It Will Be Okay- a book review

it will be ok

It Will Be Okay is the perfect book for children between the ages 4 and 8.  With adorable illustrations and a sweet story of a farmer and a little seed, children learn to trust God and that he is always with us.  What a sweet message for your youngin’ to learn and understand at an early age.  Through out the story little seed expresses over and over again his fear of leaving the comfort of the seed packet in the farmer’s shed.  Little Seed is reminded that the farmer is kind and gentle and always watching over him.  It is so easy for fear to consume us, but it is even easier to place out trust in God.  With repetition the message of the story is, “trust in God.” “God is with us.”

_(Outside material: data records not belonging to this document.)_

lemma cart_image: "cart op R1 R2 = (\<lambda>(A, B). apply_op op A B) ` (R1 \<times> R2)"
  unfolding cart_def by auto

lemma cart_memI: "L1 \<in> R1 \<Longrightarrow> L2 \<in> R2 \<Longrightarrow> L = apply_op op L1 L2 \<Longrightarrow> L \<in> cart op R1 R2"
  unfolding cart_def by blast

lemma rational_set_cart_finite:
  assumes "rational_set S R1" and "rational_set S R2" and "finite R1" and "finite R2"
  shows "rational_set S (cart op R1 R2)"
proof (rule rational_set_finite)
  show "finite (cart op R1 R2)"
    unfolding cart_image using assms(3,4) by simp
  have "\<forall>L\<in>R1. regular_over S L" "\<forall>L\<in>R2. regular_over S L"
    using assms(1,2) presents_regular_over unfolding rational_set_def by blast+
  then show "\<forall>L\<in>cart op R1 R2. regular_over S L"
    unfolding cart_image by (auto intro: regular_over_apply_op)
qed

section \<open>Two-element languages in rational sets\<close>

lemma obtain_two_by_length:
  assumes "A \<noteq> {}" and "\<forall>a. A \<noteq> {a}"
  obtains a1 a2 where "a1 \<in> A" "a2 \<in> A" "a1 \<noteq> a2" "length a1 \<le> length a2"
proof -
  obtain a1 where "a1 \<in> A"
    using assms(1) by blast
  moreover obtain a2 where "a2 \<in> A" "a2 \<noteq> a1"
    using assms(2) \<open>a1 \<in> A\<close> by blast
  ultimately show ?thesis
    using that by (cases "length a1 \<le> length a2") auto
qed

lemma conc_eq_doubleton_singleton_factor:
  assumes "conc A B = {x, y}"
  shows "(\<exists>a. A = {a}) \<or> (\<exists>b. B = {b})"
proof (rule ccontr)
  assume "\<not> ?thesis"
  then have "\<forall>a. A \<noteq> {a}" "\<forall>b. B \<noteq> {b}"
    by simp_all
  moreover have "A \<noteq> {}" "B \<noteq> {}"
    using assms by (metis conc_empty(2) insert_not_empty, metis conc_empty(1) insert_not_empty)
  ultimately obtain a1 a2 b1 b2 where
    a: "a1 \<in> A" "a2 \<in> A" "a1 \<noteq> a2" "length a1 \<le> length a2" and
    b: "b1 \<in> B" "b2 \<in> B" "b1 \<noteq> b2" "length b1 \<le> length b2"
    by (metis obtain_two_by_length)
  \<comment> \<open>a1 @ b1, a1 @ b2, a2 @ b2 would be three distinct elements of {x, y}\<close>
  have "a1 @ b1 \<noteq> a2 @ b2"
  proof
    assume eq: "a1 @ b1 = a2 @ b2"
    then have "length a1 + length b1 = length a2 + length b2"
      by (metis length_append)
    then have "length a1 = length a2"
      using a(4) b(4) by linarith
    with eq a(3) show False
      by simp
  qed
  moreover have "a1 @ b1 \<noteq> a1 @ b2" "a1 @ b2 \<noteq> a2 @ b2"
    using a(3) b(3) by simp_all
  moreover have "a1 @ b1 \<in> {x, y}" "a1 @ b2 \<in> {x, y}" "a2 @ b2 \<in> {x, y}"
    using a b assms append_in_conc by blast+
  ultimately show False
    by auto
qed
lemma round_of_earlier_plays:
  assumes s: "s \<in> {1..T}"
  shows "round_of bnd w ` {s' \<in> {1..s - 1}. arm w s' = arm w s} = {..<round_of bnd w s}"
proof (intro equalityI subsetI)
  fix j assume "j \<in> round_of bnd w ` {s' \<in> {1..s - 1}. arm w s' = arm w s}"
  then obtain s' where s': "s' \<in> {1..s - 1}" "arm w s' = arm w s" and j: "j = round_of bnd w s'"
    by blast
  have "j \<le> round_of bnd w s"
    unfolding j using s' by (intro round_of_mono) auto
  moreover have "j \<noteq> round_of bnd w s"
  proof
    assume "j = round_of bnd w s"
    then have "s' = s"
      using inj_on_round_of_plays[of w "arm w s"] s s' j by (auto dest: inj_onD)
    then show False using s' by auto
  qed
  ultimately show "j \<in> {..<round_of bnd w s}" by simp
next
  fix j assume j: "j \<in> {..<round_of bnd w s}"
  have before: "bnd w (Suc j) < s"
    using bnd_mono[of "Suc j" "round_of bnd w s" w] round_of_bounds(1)[of s w] j s by simp
  have "arm w s \<in> act w j"
    using arm_in_act_round_of[OF s, of w] act_antimono[of j "round_of bnd w s" w] j by auto
  moreover have "bnd w (Suc j) \<le> T"
    using before s by simp
  ultimately have "arm w s \<in> arm w ` {bnd w j<..bnd w (Suc j)}"
    using arm_image_round by blast
  then obtain s' where s': "s' \<in> {bnd w j<..bnd w (Suc j)}" "arm w s' = arm w s"
    by (metis imageE)
  have "j = round_of bnd w s'"
    using s'(1) by (intro round_of_eqI[symmetric]) auto
  moreover have "s' \<in> {s' \<in> {1..s - 1}. arm w s' = arm w s}"
    using s' before by auto
  ultimately show "j \<in> round_of bnd w ` {s' \<in> {1..s - 1}. arm w s' = arm w s}" by blast
qed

The first page of the book is a list of 10 scriptures to memorize and explore with your child.  These scriptures share the promise of God’s word that will conquer the fear in your child’s heart (and your own)!

This story is incredibly sweet and easy for your child to connect with the characters.  They will enjoy reading about the friendship shared between Little Seed and Little Fox.  My children ages 5 and 10 were very much engaged through the whole story and have started memorizing the bible verses.   My children feel more content and are becoming more fearless as they are reminded of God’s presence in their lives.

Lysa TerKeurst (the author) has written a beautiful story with a promising message that it is OK to be afraid, but to always remember that God is there, loving us and watching over us, and that it really will be OK.

I received a complimentary copy of this book from booklook bloggers and the review is of my own honest opinion.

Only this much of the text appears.